David lived to see Solomon on his throne (1 Kings 1:47-48), but not to see his greater son rule forever (2 Samuel 7:12-13,16).

Jeremiah lived to see his prophecies fulfilled—Judah fallen & taken into exile (Jer 20:4-5), the disaster of running to Egypt (Jer 42:14-17).  But he didn’t live to see the fulfillment of his prophecy of returning from exile after 70 years (Jer 29:10).

Simeon lived to see the infant Messiah (Luke 2:25-26), but didn’t live to see him preach and teach (verses 29-32).

John the Baptist lived to see Jesus increase while he decreased (John 3:30), but didn’t live to see Jesus with his winnowing fork in his hand executing the Lord’s judgments on the brood of vipers (Matthew 3:7-12).

Mary lived to have her soul pierced by grief (Luke 2:34-35), and then to see her son risen and then ascended to heaven (Acts 1:10-11,14).  But she didn’t live to see the return in the same way he left.

Paul lived to see the completion of the course the Lord had set for him (2 Timothy 4:6-8), but not to be among those alive who are to be caught up to meet the Lord, along with those who have been raised (1 Thessalonians 4:16-17).

There are many more examples; you may have thought of some.  But getting closer to home:

Two generations ago, many brothers and sisters lived to see the promised restoration of the nation of Israel (Ezekiel 11:17).  Some are left, but many are not.  They didn’t live to see the permanent establishment of God’s people such that no one can make them afraid (Eze 34:28)—of course none of us have seen it yet.

I myself lived to see Jerusalem become the capital of Israel (Zechariah 12:6), but not the capital of the world (Isaiah 2:1-4).

What’s my point?

Only the obvious, that God’s promises are fulfilled in His time.  We may not live to see it all.  Which really doesn’t mean anything!  We know this.  But it’s easy to lose heart, isn’t it?  David on several occasions speaks for us: “How long, O Lord?” 

Although we haven’t (so far) lost our lives for the sake of the gospel, the “souls under the altar” speak for us:

“O Sovereign Lord, holy and true, how long before you will judge and avenge our blood on those who dwell on the earth?”

The answer given to them may help:

“Then they were each given a white robe and told to rest a little longer…” (Revelation 6:9-11)
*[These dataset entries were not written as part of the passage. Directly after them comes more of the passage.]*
(* Let $\alpha>0$, $\lambda>0$ and $\bm{Z}\in\mathbb{R}^{m\times n}$. Then $$\|\bm{Z}\|_*^{\alpha}=\min_{\bm{Z}=\bm{U}\bm{V}^T}\tfrac12\Big(\lambda\|\bm{U}\|_F^{2\alpha}+\tfrac{1}{\lambda}\|\bm{V}\|_F^{2\alpha}\Big),$$ where the minimum is over all real matrices $\bm{U}\in\mathbb{R}^{m\times k}$, $\bm{V}\in\mathbb{R}^{n\times k}$ (any $k$) with $\bm{Z}=\bm{U}\bm{V}^T$. Moreover, if $\bm{Z}=\hat{\bm{U}}\bm{\Sigma}\hat{\bm{V}}^T$ is a (compact) singular value decomposition of $\bm{Z}$, equality holds for $\bm{U}=\lambda^{-1/(2\alpha)}\hat{\bm{U}}\sqrt{\bm{\Sigma}}$ and $\bm{V}=\lambda^{1/(2\alpha)}\hat{\bm{V}}\sqrt{\bm{\Sigma}}$, where $\sqrt{\bm{\Sigma}}$ is the entrywise square root of $\bm{\Sigma}$.
   Context: $\|\cdot\|_*$ denotes the matrix trace (nuclear) norm, the sum of singular values; $\|\cdot\|_F$ is the Frobenius norm. *)

theory Defs
  imports "Jordan_Normal_Form.Char_Poly"
begin

definition frob_norm :: "real mat \<Rightarrow> real" where
  "frob_norm A = sqrt (\<Sum>i<dim_row A. \<Sum>j<dim_col A. (A $$ (i, j))\<^sup>2)"

text \<open>Nuclear (trace) norm: the sum of the singular values of Z, where the singular
  values are the square roots of the eigenvalues of Z^T Z, counted with
  (algebraic) multiplicity.\<close>
definition nuclear_norm :: "real mat \<Rightarrow> real" where
  "nuclear_norm Z =
     (let A = transpose_mat Z * Z in
       \<Sum>x\<in>{x. eigenvalue A x}. real (order x (char_poly A)) * sqrt x)"

definition compact_svd ::
  "real mat \<Rightarrow> nat \<Rightarrow> nat \<Rightarrow> nat \<Rightarrow> real mat \<Rightarrow> real mat \<Rightarrow> real mat \<Rightarrow> bool" where
  "compact_svd Z m n r Uh S Vh \<longleftrightarrow>
     Uh \<in> carrier_mat m r \<and> S \<in> carrier_mat r r \<and> Vh \<in> carrier_mat n r \<and>
     transpose_mat Uh * Uh = 1\<^sub>m r \<and> transpose_mat Vh * Vh = 1\<^sub>m r \<and>
     diagonal_mat S \<and> (\<forall>i<r. S $$ (i, i) > 0) \<and>
     (\<forall>i j. i \<le> j \<and> j < r \<longrightarrow> S $$ (j, j) \<le> S $$ (i, i)) \<and>
     Z = Uh * S * transpose_mat Vh"

end

theory Submission
  imports Defs "HOL-Analysis.L2_Norm"
begin

text \<open>
  By the spectral theorem, Z^T Z has an orthonormal eigenbasis q_1, ..., q_n with eigenvalues
  s_i^2, s_i >= 0. With p_i = Z q_i / s_i this gives Z = sum_i s_i p_i q_i^T, and as the
  characteristic polynomial of Z^T Z is prod_i (x - s_i^2), the nuclear norm of Z is sum_i s_i.
  For any factorization Z = U V^T we have s_i = (U^T p_i) . (V^T q_i), so Cauchy-Schwarz and
  Bessel's inequality give ||Z||_* <= ||U||_F ||V||_F, which AM-GM turns into the lower bound.
  The balanced factors with columns sqrt s_i p_i and sqrt s_i q_i have squared Frobenius norms
  equal to ||Z||_*; rescaled by lam^(-1/(2 alpha)) and lam^(1/(2 alpha)) they attain the bound.
  A compact SVD is an expansion of this kind, with U_hat sqrt Sigma and V_hat sqrt Sigma as the
  balanced factors.
\<close>

section \<open>Orthonormal families of real vectors\<close>

lemma scalar_prod_eq_sum: "v \<in> carrier_vec n \<Longrightarrow> u \<bullet> v = (\<Sum>a<n. u $ a * v $ a)"
  unfolding scalar_prod_def by (auto simp: atLeast0LessThan)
Wait, just a little longer.  But we’re like children; “a little longer” feels like forever.

I earnestly hope I’ll live to see the coming of the Lord, the fulfillment of all those promises I’ve mentioned.  But, who knows, perhaps I’ll end up joining the company of those who didn’t live to see it.

I hope, with those who remained faithful nonetheless.